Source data

────────

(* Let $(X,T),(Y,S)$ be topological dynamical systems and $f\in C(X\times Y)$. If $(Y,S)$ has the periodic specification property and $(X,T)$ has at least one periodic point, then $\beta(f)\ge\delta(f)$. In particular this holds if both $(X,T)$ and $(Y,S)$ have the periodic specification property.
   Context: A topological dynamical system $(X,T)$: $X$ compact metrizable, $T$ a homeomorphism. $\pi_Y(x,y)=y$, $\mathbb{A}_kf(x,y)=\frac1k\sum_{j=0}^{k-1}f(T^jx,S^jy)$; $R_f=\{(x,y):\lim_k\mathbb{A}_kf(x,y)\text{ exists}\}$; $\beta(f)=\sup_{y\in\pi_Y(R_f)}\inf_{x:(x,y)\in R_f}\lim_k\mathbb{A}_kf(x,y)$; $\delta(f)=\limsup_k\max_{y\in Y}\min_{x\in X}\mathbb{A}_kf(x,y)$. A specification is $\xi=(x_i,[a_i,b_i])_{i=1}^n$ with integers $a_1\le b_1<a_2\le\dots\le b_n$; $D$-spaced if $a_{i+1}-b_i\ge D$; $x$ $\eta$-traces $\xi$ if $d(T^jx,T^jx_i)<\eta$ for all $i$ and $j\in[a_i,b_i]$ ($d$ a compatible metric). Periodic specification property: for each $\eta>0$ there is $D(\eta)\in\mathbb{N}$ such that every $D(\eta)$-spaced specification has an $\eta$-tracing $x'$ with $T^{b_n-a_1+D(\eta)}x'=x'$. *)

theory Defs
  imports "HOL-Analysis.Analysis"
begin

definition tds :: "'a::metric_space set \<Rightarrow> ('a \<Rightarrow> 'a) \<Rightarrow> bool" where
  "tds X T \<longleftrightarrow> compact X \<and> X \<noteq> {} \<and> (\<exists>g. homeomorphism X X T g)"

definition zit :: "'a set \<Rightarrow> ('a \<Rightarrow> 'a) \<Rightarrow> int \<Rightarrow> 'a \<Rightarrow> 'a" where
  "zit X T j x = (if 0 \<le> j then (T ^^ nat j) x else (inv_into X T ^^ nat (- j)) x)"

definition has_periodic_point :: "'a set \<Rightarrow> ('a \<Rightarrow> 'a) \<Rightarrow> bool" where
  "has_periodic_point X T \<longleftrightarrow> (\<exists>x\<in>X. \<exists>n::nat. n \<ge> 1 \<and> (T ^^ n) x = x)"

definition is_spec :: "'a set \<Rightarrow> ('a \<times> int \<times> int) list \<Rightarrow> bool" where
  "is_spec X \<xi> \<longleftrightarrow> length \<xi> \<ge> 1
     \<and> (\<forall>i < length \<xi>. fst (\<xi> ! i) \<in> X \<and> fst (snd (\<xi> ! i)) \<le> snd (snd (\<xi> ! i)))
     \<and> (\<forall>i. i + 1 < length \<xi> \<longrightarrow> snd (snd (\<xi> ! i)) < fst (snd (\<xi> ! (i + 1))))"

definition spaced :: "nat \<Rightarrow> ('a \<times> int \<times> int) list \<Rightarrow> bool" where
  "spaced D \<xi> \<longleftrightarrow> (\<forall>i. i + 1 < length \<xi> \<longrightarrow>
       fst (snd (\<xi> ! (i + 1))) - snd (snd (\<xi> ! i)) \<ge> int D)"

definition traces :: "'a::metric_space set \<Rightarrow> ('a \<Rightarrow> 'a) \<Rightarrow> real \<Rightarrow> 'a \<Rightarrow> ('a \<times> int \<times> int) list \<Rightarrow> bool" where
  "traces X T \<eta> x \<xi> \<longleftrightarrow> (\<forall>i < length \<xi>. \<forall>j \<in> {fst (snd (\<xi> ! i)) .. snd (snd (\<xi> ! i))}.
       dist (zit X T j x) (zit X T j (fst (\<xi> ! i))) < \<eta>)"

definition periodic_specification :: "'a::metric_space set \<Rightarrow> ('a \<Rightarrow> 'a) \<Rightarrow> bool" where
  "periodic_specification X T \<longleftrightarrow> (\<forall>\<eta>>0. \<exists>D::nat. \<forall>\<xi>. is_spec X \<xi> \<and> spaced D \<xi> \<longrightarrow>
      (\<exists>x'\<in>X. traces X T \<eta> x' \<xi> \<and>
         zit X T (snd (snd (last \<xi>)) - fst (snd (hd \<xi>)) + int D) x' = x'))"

────────

ACTIVITY →
In the records above, which lines hold the string "longrightarrow"? Copy each one.

ANSWER TO THIS TASK →
     \<and> (\<forall>i. i + 1 < length \<xi> \<longrightarrow> snd (snd (\<xi> ! i)) < fst (snd (\<xi> ! (i + 1))))"
  "spaced D \<xi> \<longleftrightarrow> (\<forall>i. i + 1 < length \<xi> \<longrightarrow>
  "periodic_specification X T \<longleftrightarrow> (\<forall>\<eta>>0. \<exists>D::nat. \<forall>\<xi>. is_spec X \<xi> \<and> spaced D \<xi> \<longrightarrow>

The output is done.